[Stored data]
lemma KMS_states_at_eq_character:
  assumes C: "unital_cstar_subalgebra C" and x: "x \<in> Omega C"
    and \<phi>: "\<phi> \<in> KMS_states_at \<sigma> \<beta> C x" and c: "c \<in> C"
  shows "\<phi> c = x c"
proof -
  have state: "is_state \<phi>"
    using \<phi> KMS_states_at_subset KMS_states_is_state by blast
  have "\<phi> (c - cscale (x c) 1) = 0"
    using \<phi> character_shift_in_J_ideal[OF C x c] by (simp add: KMS_states_at_def)
  then show ?thesis
    by (simp add: state_diff[OF state] state_cscale[OF state] state_one[OF state])
qed

lemma KMS_states_at_unique_character:
  assumes C: "unital_cstar_subalgebra C" and x: "x \<in> Omega C" and y: "y \<in> Omega C"
    and \<phi>: "\<phi> \<in> KMS_states_at \<sigma> \<beta> C x" "\<phi> \<in> KMS_states_at \<sigma> \<beta> C y"
  shows "x = y"
proof
  fix c
  show "x c = y c"
  proof (cases "c \<in> C")
    case True
    then show ?thesis
      using KMS_states_at_eq_character[OF C x \<phi>(1)] KMS_states_at_eq_character[OF C y \<phi>(2)] by simp
  next
    case False
    then show ?thesis
      using character_outside[OF C x] character_outside[OF C y] by simp
  qed
qed

text \<open>\<open>K\<^sub>\<beta>\<^sup>x\<close> is a face: a convex combination annihilates \<open>a\<^sup>* a\<close> only if both states do,
  and by Cauchy-Schwarz a state annihilating \<open>a\<^sup>* a\<close> annihilates \<open>a\<close>.\<close>

lemma extreme_subset_KMS_states_at:
  assumes C: "unital_cstar_subalgebra C" and x: "x \<in> Omega C"
  shows "extreme_subset (KMS_states \<sigma> \<beta>) (KMS_states_at \<sigma> \<beta> C x)"
  unfolding extreme_subset_def
proof (intro conjI ballI allI impI KMS_states_at_subset)
  fix \<psi>1 \<psi>2 t
  assume \<psi>: "\<psi>1 \<in> KMS_states \<sigma> \<beta>" "\<psi>2 \<in> KMS_states \<sigma> \<beta>"
    and "0 < t \<and> t < 1 \<and> convex_comb t \<psi>1 \<psi>2 \<in> KMS_states_at \<sigma> \<beta> C x"
  then have t: "0 < t" "t < 1" and comb: "convex_comb t \<psi>1 \<psi>2 \<in> KMS_states_at \<sigma> \<beta> C x"
    by simp_all
  have states: "is_state \<psi>1" "is_state \<psi>2"
    using \<psi> by (simp_all add: KMS_states_is_state)
  have "\<psi>1 a = 0 \<and> \<psi>2 a = 0" if a: "a \<in> J_ideal C x" for a
  proof -
    have "convex_comb t \<psi>1 \<psi>2 (cstar a * a) = 0"
      using comb J_ideal_cstar_mult_self[OF C x a] by (simp add: KMS_states_at_def)
    then have "Re (convex_comb t \<psi>1 \<psi>2 (cstar a * a)) = 0"
      by simp
    then have "t * Re (\<psi>1 (cstar a * a)) + (1 - t) * Re (\<psi>2 (cstar a * a)) = 0"
      by simp
    moreover have "Re (\<psi>1 (cstar a * a)) \<ge> 0" "Re (\<psi>2 (cstar a * a)) \<ge> 0"
      using states by (simp_all add: state_Re_positive)
    ultimately have "Re (\<psi>1 (cstar a * a)) = 0" "Re (\<psi>2 (cstar a * a)) = 0"
      using convex_comb_nonneg_eq_0[OF t] by blast+
    then show ?thesis
      using state_Cauchy_Schwarz[OF states(1), of a] state_Cauchy_Schwarz[OF states(2), of a] by simp
  qed
  then show "\<psi>1 \<in> KMS_states_at \<sigma> \<beta> C x" "\<psi>2 \<in> KMS_states_at \<sigma> \<beta> C x"
    using \<psi> by (simp_all add: KMS_states_at_def)
qed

Work item:
Write out exactly the lines that fall from the line with "using character_outside[OF C" to the line with "(\<psi>1 (cstar a * a)) \<ge>" in the records above, keeping both ends.

Expected answer:
      using character_outside[OF C x] character_outside[OF C y] by simp
  qed
qed

text \<open>\<open>K\<^sub>\<beta>\<^sup>x\<close> is a face: a convex combination annihilates \<open>a\<^sup>* a\<close> only if both states do,
  and by Cauchy-Schwarz a state annihilating \<open>a\<^sup>* a\<close> annihilates \<open>a\<close>.\<close>

lemma extreme_subset_KMS_states_at:
  assumes C: "unital_cstar_subalgebra C" and x: "x \<in> Omega C"
  shows "extreme_subset (KMS_states \<sigma> \<beta>) (KMS_states_at \<sigma> \<beta> C x)"
  unfolding extreme_subset_def
proof (intro conjI ballI allI impI KMS_states_at_subset)
  fix \<psi>1 \<psi>2 t
  assume \<psi>: "\<psi>1 \<in> KMS_states \<sigma> \<beta>" "\<psi>2 \<in> KMS_states \<sigma> \<beta>"
    and "0 < t \<and> t < 1 \<and> convex_comb t \<psi>1 \<psi>2 \<in> KMS_states_at \<sigma> \<beta> C x"
  then have t: "0 < t" "t < 1" and comb: "convex_comb t \<psi>1 \<psi>2 \<in> KMS_states_at \<sigma> \<beta> C x"
    by simp_all
  have states: "is_state \<psi>1" "is_state \<psi>2"
    using \<psi> by (simp_all add: KMS_states_is_state)
  have "\<psi>1 a = 0 \<and> \<psi>2 a = 0" if a: "a \<in> J_ideal C x" for a
  proof -
    have "convex_comb t \<psi>1 \<psi>2 (cstar a * a) = 0"
      using comb J_ideal_cstar_mult_self[OF C x a] by (simp add: KMS_states_at_def)
    then have "Re (convex_comb t \<psi>1 \<psi>2 (cstar a * a)) = 0"
      by simp
    then have "t * Re (\<psi>1 (cstar a * a)) + (1 - t) * Re (\<psi>2 (cstar a * a)) = 0"
      by simp
    moreover have "Re (\<psi>1 (cstar a * a)) \<ge> 0" "Re (\<psi>2 (cstar a * a)) \<ge> 0"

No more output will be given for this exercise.